Freebsd – Which virtual terminal is a given X process running on

freebsdx11xorg

When X starts, it searches for the lowest unused VT, and attaches to it. My problem is that when there are several running X processes, I need to be able to identify which one is the currently active one.

This is a *BSD question, because on linux it's easy: X sets its controlling terminal to be ttyN, or, on very old distributions, it's specified on the commandline as vtN. So, I'm running a service and I see that the currently active VT is tty7, and there are two X servers running, it's easy to tell which one corresponds to the current terminal. (This is a reasonable case: perhaps the user used GNOME/KDE's 'switch user' functionality or ran two servers using startx.) An example application that might want to follow the active X server is x11vnc (which is forked from the software I'm developing).

On FreeBSD though, the controlling terminal does not tell you anything. When X is started from ttyv1, that remains the controlling terminal.

Update

I've done due diligence and read the X code.

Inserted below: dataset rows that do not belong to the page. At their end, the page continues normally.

lemma (in real_distribution) exists_quantile:
  assumes "0 < e" "e < 1"
  obtains c where "measure M {..<c} \<le> e" and "measure M {c<..} \<le> 1 - e"
proof -
  define S where "S = {x. cdf M x \<ge> e}"
  have "eventually (\<lambda>x. cdf M x > e) at_top"
    using cdf_lim_at_top_prob assms(2) by (rule order_tendstoD)
  then obtain x1 where "cdf M x1 > e" by (metis eventually_at_top_linorder order_refl)
  then have S_ne: "S \<noteq> {}" by (auto simp: S_def intro: less_imp_le)
  have "eventually (\<lambda>x. cdf M x < e) at_bot"
    using cdf_lim_at_bot assms(1) by (rule order_tendstoD)
  then obtain x0 where x0: "cdf M x0 < e" by (metis eventually_at_bot_linorder order_refl)
  have S_bdd: "bdd_below S"
  proof
    fix x assume "x \<in> S"
    then show "x0 \<le> x" using x0 cdf_nondecreasing [of x x0] by (cases "x \<le> x0") (auto simp: S_def)
  qed
  define c where "c = Inf S"
  have "e \<le> cdf M c"
  proof (rule tendsto_lowerbound)
    show "(cdf M \<longlongrightarrow> cdf M c) (at_right c)"
      using cdf_is_right_cont by (simp add: continuous_within)
    show "\<forall>\<^sub>F x in at_right c. e \<le> cdf M x"
      using eventually_at_right_less
    proof (rule eventually_mono)
      fix x assume "c < x"
      then obtain y where "y \<in> S" "y < x" using cInf_less_iff [OF S_ne S_bdd] c_def by auto
      then show "e \<le> cdf M x" using cdf_nondecreasing [of y x] by (auto simp: S_def)
    qed
  qed simp
  then have "measure M {c<..} \<le> 1 - e"
    using prob_compl [of "{..c}"] by (simp add: cdf_def Compl_eq_Diff_UNIV [symmetric] not_le)
  moreover have "measure M {..<c} \<le> e"
  proof (rule tendsto_upperbound)
    show "(cdf M \<longlongrightarrow> measure M {..<c}) (at_left c)" by (rule cdf_at_left)
    show "\<forall>\<^sub>F x in at_left c. cdf M x \<le> e"
      using eventually_at_left_real [of "c - 1" c]
    proof (rule eventually_mono)
      fix x assume "x \<in> {c - 1<..<c}"
      then have "x \<notin> S" using cInf_lower [OF _ S_bdd] c_def by force
      then show "cdf M x \<le> e" by (auto simp: S_def)
    qed simp
  qed simp
  ultimately show ?thesis using that by blast
qed

lemma (in real_distribution) EVaR_neg_le_Lfun_split:
  assumes bounds: "AE x in M. - a \<le> x \<and> x \<le> b"
    and \<alpha>: "0 < \<alpha>" "\<alpha> \<le> 1" and t: "0 < t"
    and c: "measure M {..<c} \<le> e" and e: "e \<le> 1"
  shows "EVaR M \<alpha> (\<lambda>x. - x) \<le> Lfun \<alpha> (- c) \<mu> t * (1 - e) + Lfun \<alpha> a \<mu> t * e"
proof -
  have neg_meas: "(\<lambda>x. - x) \<in> borel_measurable M" by simp
  have neg_le_a: "AE x in M. - x \<le> a" using bounds by (auto elim!: eventually_mono)
  have "EVaR M \<alpha> (\<lambda>x. - x) \<le> (\<integral>x. Lfun \<alpha> (- x) \<mu> t \<partial>M)"
    using bounds by (intro EVaR_le_integral_Lfun [OF neg_meas _ \<alpha> t, where lo = "- b" and hi = a])
      (auto elim!: eventually_mono)
  also have "\<dots> \<le> Lfun \<alpha> (- c) \<mu> t * (1 - e) + Lfun \<alpha> a \<mu> t * e"
  proof (rule integral_le_two_level [where S = "{..<c}"])
    show "integrable M (\<lambda>x. Lfun \<alpha> (- x) \<mu> t)"
      by (rule integral_Lfun(1) [OF neg_meas neg_le_a t])
    show "AE x in M. Lfun \<alpha> (- x) \<mu> t \<le> Lfun \<alpha> a \<mu> t"
      using neg_le_a by (auto elim!: eventually_mono intro: Lfun_mono [OF t])
    show "AE x in M. x \<notin> {..<c} \<longrightarrow> Lfun \<alpha> (- x) \<mu> t \<le> Lfun \<alpha> (- c) \<mu> t"
      by (intro AE_I2 impI Lfun_mono [OF t]) simp
  qed (use c e in auto)
  finally show ?thesis .
qed

lemma (in prob_space) prob_PiM_not_all_in:
  assumes "finite I" "S \<in> events"
  shows "measure (PiM I (\<lambda>_. M)) (space (PiM I (\<lambda>_. M)) - PiE I (\<lambda>_. S)) = 1 - prob S ^ card I"
proof -
  interpret P: product_prob_space "\<lambda>_. M" I by unfold_locales
  have all_in: "PiE I (\<lambda>_. S) \<in> sets (PiM I (\<lambda>_. M))"
    using assms by (intro sets_PiM_I_finite) auto
  have "emeasure (PiM I (\<lambda>_. M)) (PiE I (\<lambda>_. S)) = (\<Prod>i\<in>I. emeasure M S)"
    using assms by (intro P.emeasure_PiM) auto
  also have "\<dots> = ennreal (prob S ^ card I)"
    by (simp add: emeasure_eq_measure ennreal_power prod_ennreal)
  finally have "measure (PiM I (\<lambda>_. M)) (PiE I (\<lambda>_. S)) = prob S ^ card I"
    by (simp add: measure_def)
  then show ?thesis using P.prob_compl [OF all_in] by simp
qed

lemma le_rE_star_if_sample_le:
  assumes "k < N" "r k \<le> c" "\<epsilon> \<le> 1"
    and bound: "\<And>\<mu> t. 0 < t \<Longrightarrow> v \<le> Lfun \<alpha> (- c) \<mu> t * (1 - \<epsilon>) + Lfun \<alpha> a \<mu> t * \<epsilon>"
  shows "v \<le> rE_star \<alpha> a \<epsilon> N r"
  unfolding rE_star_def
proof (rule cINF_greatest)
  fix p :: "real \<times> real"
  assume "p \<in> UNIV \<times> {0<..}"
  then obtain \<mu> t where p: "p = (\<mu>, t)" and t: "0 < t" by auto
  have "Lfun \<alpha> (- c) \<mu> t \<le> Lfun \<alpha> (- r k) \<mu> t"
    using assms(2) by (intro Lfun_mono [OF t]) simp
  also have "\<dots> \<le> zeta_star \<alpha> N r \<mu> t"
    unfolding zeta_star_def using assms(1) by (intro Max_ge) auto
  finally have "Lfun \<alpha> (- c) \<mu> t * (1 - \<epsilon>) \<le> zeta_star \<alpha> N r \<mu> t * (1 - \<epsilon>)"
    using assms(3) by (intro mult_right_mono) auto
  with bound [of t \<mu>, OF t] show "v \<le> zeta_star \<alpha> N r (fst p) (snd p) * (1 - \<epsilon>) + Lfun \<alpha> a (fst p) (snd p) * \<epsilon>"
    by (simp add: p)
qed simp

theorem corollary8:
  fixes \<pi>R :: "real measure" and a b \<epsilon> \<gamma> \<alpha> :: real and N :: nat
  assumes "prob_space \<pi>R"
    and "sets \<pi>R = sets borel"
    and "a > 0" and "b > 0"
    and "AE r in \<pi>R. - a \<le> r \<and> r \<le> b"
    and "0 < \<epsilon>" and "\<epsilon> < 1"
    and "0 \<le> \<gamma>" and "\<gamma> < 1"
    and "0 < \<alpha>" and "\<alpha> \<le> 1"
    and "real N \<ge> ln (1 - \<gamma>) / ln (1 - \<epsilon>)"
  shows "\<exists>A \<in> sets (PiM {..<N} (\<lambda>_. \<pi>R)).
           A \<subseteq> {r \<in> space (PiM {..<N} (\<lambda>_. \<pi>R)).
                   rE_star \<alpha> a \<epsilon> N r \<ge> EVaR \<pi>R \<alpha> (\<lambda>x. - x)}
         \<and> measure (PiM {..<N} (\<lambda>_. \<pi>R)) A \<ge> \<gamma>"
proof -
  interpret R: real_distribution \<pi>R
    using assms(1,2) by (simp add: real_distribution_def real_distribution_axioms_def)
  obtain c where c_low: "measure \<pi>R {..<c} \<le> \<epsilon>" and c_high: "measure \<pi>R {c<..} \<le> 1 - \<epsilon>"
    using R.exists_quantile assms(6,7) by blast
  define P where "P = PiM {..<N} (\<lambda>_. \<pi>R)"
  define A where "A = space P - PiE {..<N} (\<lambda>_. {c<..})"
  have "A \<in> sets P"
    unfolding A_def P_def by (intro sets.compl_sets sets_PiM_I_finite) auto
  moreover have "\<gamma> \<le> measure P A"
  proof -
    have "measure \<pi>R {c<..} ^ N \<le> (1 - \<epsilon>) ^ N"
      using c_high by (intro power_mono) auto
    also have "\<dots> \<le> 1 - \<gamma>"
      using assms(6,7,9,12) by (intro power_le_of_ln_div_le) auto
    finally show ?thesis
      using R.prob_PiM_not_all_in [of "{..<N}" "{c<..}"] by (simp add: A_def P_def)
  qed
  moreover have "A \<subseteq> {r \<in> space P. rE_star \<alpha> a \<epsilon> N r \<ge> EVaR \<pi>R \<alpha> (\<lambda>x. - x)}"
  proof
    fix r assume r: "r \<in> A"
    then have "r \<in> extensional {..<N}" "r \<notin> PiE {..<N} (\<lambda>_. {c<..})"
      by (auto simp: A_def P_def space_PiM PiE_def)
    then obtain k where "k < N" "r k \<le> c"
      by (force simp: PiE_def not_less)
    then have "EVaR \<pi>R \<alpha> (\<lambda>x. - x) \<le> rE_star \<alpha> a \<epsilon> N r"
      using R.EVaR_neg_le_Lfun_split [OF assms(5,10,11) _ c_low] assms(7)
      by (intro le_rE_star_if_sample_le) auto
    with r show "r \<in> {r \<in> space P. rE_star \<alpha> a \<epsilon> N r \<ge> EVaR \<pi>R \<alpha> (\<lambda>x. - x)}"
      by (simp add: A_def)
  qed
  ultimately show ?thesis unfolding P_def by blast
qed

end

After some hunting around, it's now clearer to me what's going on.

In lnx_init.c, the X server does setsid to make a fresh session for itself, then opens an fd to ttyN straight after to do a VT_ACTIVATE ioctl on it. Pretty standard; opening the fd to a terminal with no controlling process from a process with no controlling terminal associates the two, and the server keeps the fd open, so it's guaranteed that the terminal will remaining the controlling terminal for the X server.

Now, in bsd_init.c, opening the fd to the tty to be used as the framebuffer doesn't make it a controlling terminal (and in fact, with no setsid, BSD Xserver started from xinit on ttyv2 will keep ttyv2 as its ctty!).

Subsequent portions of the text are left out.